Anthropic was founded by former members of OpenAI, the company behind ChatGPT. It says its new family of AI models is capable of advanced performance, beating the likes of GPT-4 on some parameters.

Claude 3 explained.Claude is a group of large language models (LLMs) developed by Anthropic. The chatbot is capable of handling text, voice messages, and documents. (Image via Anthropic)

Artificial Intelligence start-up Anthropic announced its latest family of AI models called Claude 3 on Monday (March 4), saying it “sets new industry benchmarks across a wide range of cognitive tasks”.

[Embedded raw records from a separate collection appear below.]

lemma impossible: False
proof -
  let ?A0 = "{q. is_perm n q \<and> after_hole_pattern q \<and> window_covers 0 q}"
  let ?A1 = "{p. is_perm n p \<and> window_covers (d + 1) p}"
  have "pattern_perm ` {1..n} \<subseteq> ?A0 \<union> ?A1"
  proof
    fix q assume "q \<in> pattern_perm ` {1..n}"
    then have q: "is_perm n q" "after_hole_pattern q" using pattern_perm by auto
    obtain j where "j + n \<le> N" "window_covers j q" using window_covers_exists[OF q(1)] .
    then show "q \<in> ?A0 \<union> ?A1" using after_hole_pattern_window[OF q] q by auto
  qed
  moreover have "finite (?A0 \<union> ?A1)" using finite_is_perm by (rule rev_finite_subset) auto
  ultimately have "card (pattern_perm ` {1..n}) \<le> card (?A0 \<union> ?A1)" by (intro card_mono)
  moreover have "inj_on pattern_perm {1..n}"
    by (rule inj_on_inverseI[where g = "\<lambda>q. q ! (n - 1)"]) (rule pattern_perm(3))
  ultimately have "n \<le> card (?A0 \<union> ?A1)" by (simp add: card_image)
  also have "\<dots> \<le> card ?A0 + card ?A1" by (rule card_Un_le)
  also have "card ?A1 \<le> 1" by (rule card_window_covers_hole_free) (simp add: hole_free_def)
  finally show False using card_after_hole_pattern_less[OF hole_at_0_if_n_eq_3] by linarith
qed

end

section \<open>Upwords with one hole\<close>

lemma (in one_hole_upword) impossible: False
proof (cases "d + n \<le> N")
  case True
  interpret W: window_at_hole n N d val by unfold_locales (fact True)
  show False by (rule W.impossible)
next
  case no_window: False
  show False
  proof (cases "n - 1 \<le> d")
    case True
    interpret R: window_at_hole n N "N - 1 - d" "\<lambda>k. val (N - 1 - k)"
      by (intro window_at_hole.intro reversed window_at_hole_axioms.intro)
        (use True hole_less_N in auto)
    show False by (rule R.impossible)
  next
    case False
    then have "fact (n - 1) \<le> N - n + 1" using no_window by (intro fact_le_card_windows) auto
    moreover have "N - n + 1 < n - 1" using False no_window n_le_N by auto
    ultimately show False using fact_ge_self[of "n - 1"] by linarith
  qed
qed

lemma count_list_eq_1_obtain:
  assumes "count_list xs x = 1"
  obtains d where "d < length xs" "\<And>k. k < length xs \<Longrightarrow> xs ! k = x \<longleftrightarrow> k = d"
proof -
  obtain pref rest where xs: "xs = pref @ x # rest" "x \<notin> set pref" "count_list rest x = 0"
    using count_list_Suc_split_first[of xs x 0] assms by auto
  have "xs ! k = x \<longleftrightarrow> k = length pref" if "k < length xs" for k
    using xs that by (auto simp: nth_append nth_Cons' count_list_0_iff dest: nth_mem)
  then show thesis using that[of "length pref"] xs(1) by simp
qed

lemma covers_factor_iff_covers_at:
  assumes "i + n \<le> length u" "int_letters_distinct (factor u n i)"
    and hole: "\<And>k. k < length u \<Longrightarrow> u ! k = None \<longleftrightarrow> k = d"
  shows "covers (factor u n i) p \<longleftrightarrow> covers_at n d (\<lambda>k. the (u ! k)) i p"
proof -
  have len: "length (factor u n i) = n" using assms(1) by (simp add: factor_def)
  have nth: "factor u n i ! a = (if i + a = d then None else Some (the (u ! (i + a))))" if "a < n" for a
    using that assms(1) hole[of "i + a"] by (auto simp: factor_def)
  show ?thesis
    unfolding covers_def covers_at_def using assms(2) len nth by (auto simp: eq_commute)
qed

lemma one_hole_upword_of_is_upword:
  assumes "3 \<le> n" "is_upword n u" "count_list u None = 1"
  obtains d where "one_hole_upword n (length u) d (\<lambda>k. the (u ! k))"
proof -
  obtain d where d: "d < length u" "\<And>k. k < length u \<Longrightarrow> u ! k = None \<longleftrightarrow> k = d"
    using count_list_eq_1_obtain[OF assms(3)] by blast
  have distinct: "int_letters_distinct (factor u n i)" if "i + n \<le> length u" for i
    using assms(2) that by (simp add: is_upword_def)
  have "one_hole_upword n (length u) d (\<lambda>k. the (u ! k))"
  proof
    show "3 \<le> n" "n \<le> length u" "d < length u" using assms d by (auto simp: is_upword_def)
  next
    fix i assume i: "i + n \<le> length u"
    show "inj_on (\<lambda>k. the (u ! k)) ({i..<i + n} - {d})"
    proof (rule inj_onI)
      fix k k' assume k: "k \<in> {i..<i + n} - {d}" "k' \<in> {i..<i + n} - {d}"
        and eq: "the (u ! k) = the (u ! k')"
      have "factor u n i ! (k - i) = u ! k" "factor u n i ! (k' - i) = u ! k'"
        "k - i < length (factor u n i)" "k' - i < length (factor u n i)"
        using k i by (auto simp: factor_def)
      moreover have "u ! k \<noteq> None" "u ! k = u ! k'" using k i d(2) eq by (auto simp: option.expand)
      ultimately have "k - i = k' - i"
        using distinct[OF i, unfolded int_letters_distinct_def] by metis
      then show "k = k'" using k by auto
    qed
  next
    fix p assume "is_perm n p"
    then have "\<exists>!i. i + n \<le> length u \<and> covers (factor u n i) p"
      using assms(2) by (simp add: is_upword_def)
    moreover have "i + n \<le> length u \<and> covers (factor u n i) p \<longleftrightarrow>
        i + n \<le> length u \<and> covers_at n d (\<lambda>k. the (u ! k)) i p" for i
      using covers_factor_iff_covers_at[OF _ distinct d(2)] by blast
    ultimately show "\<exists>!i. i + n \<le> length u \<and> covers_at n d (\<lambda>k. the (u ! k)) i p"
      by simp
  qed
  then show thesis by (rule that)
qed

theorem corollary4:
  fixes n :: nat
  assumes "n \<ge> 3"
  shows "\<not> (\<exists>u. is_upword n u \<and> count_list u None = 1)"
proof
  assume "\<exists>u. is_upword n u \<and> count_list u None = 1"
  then obtain u d where "one_hole_upword n (length u) d (\<lambda>k. the (u ! k))"
    using one_hole_upword_of_is_upword assms by metis
  then show False by (rule one_hole_upword.impossible)
qed

end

The family includes three state-of-the-art AI models in the ascending order of capabilities – Claude 3 Haiku, Claude 3 Sonnet, and Claude 3 Opus. The company claims that each model offers an increasingly powerful performance, offering a balance between intelligence, speed, and cost based on their specific use case.

Anthropic was founded by former members of OpenAI, the company behind ChatGPT. Its co-founder and president Daniela Amodei said in an interview with Bloomberg Technology that the new models are twice as likely to answer questions correctly. This refers to how often models generate incorrect information as answers, as happens with similar AI chatbots.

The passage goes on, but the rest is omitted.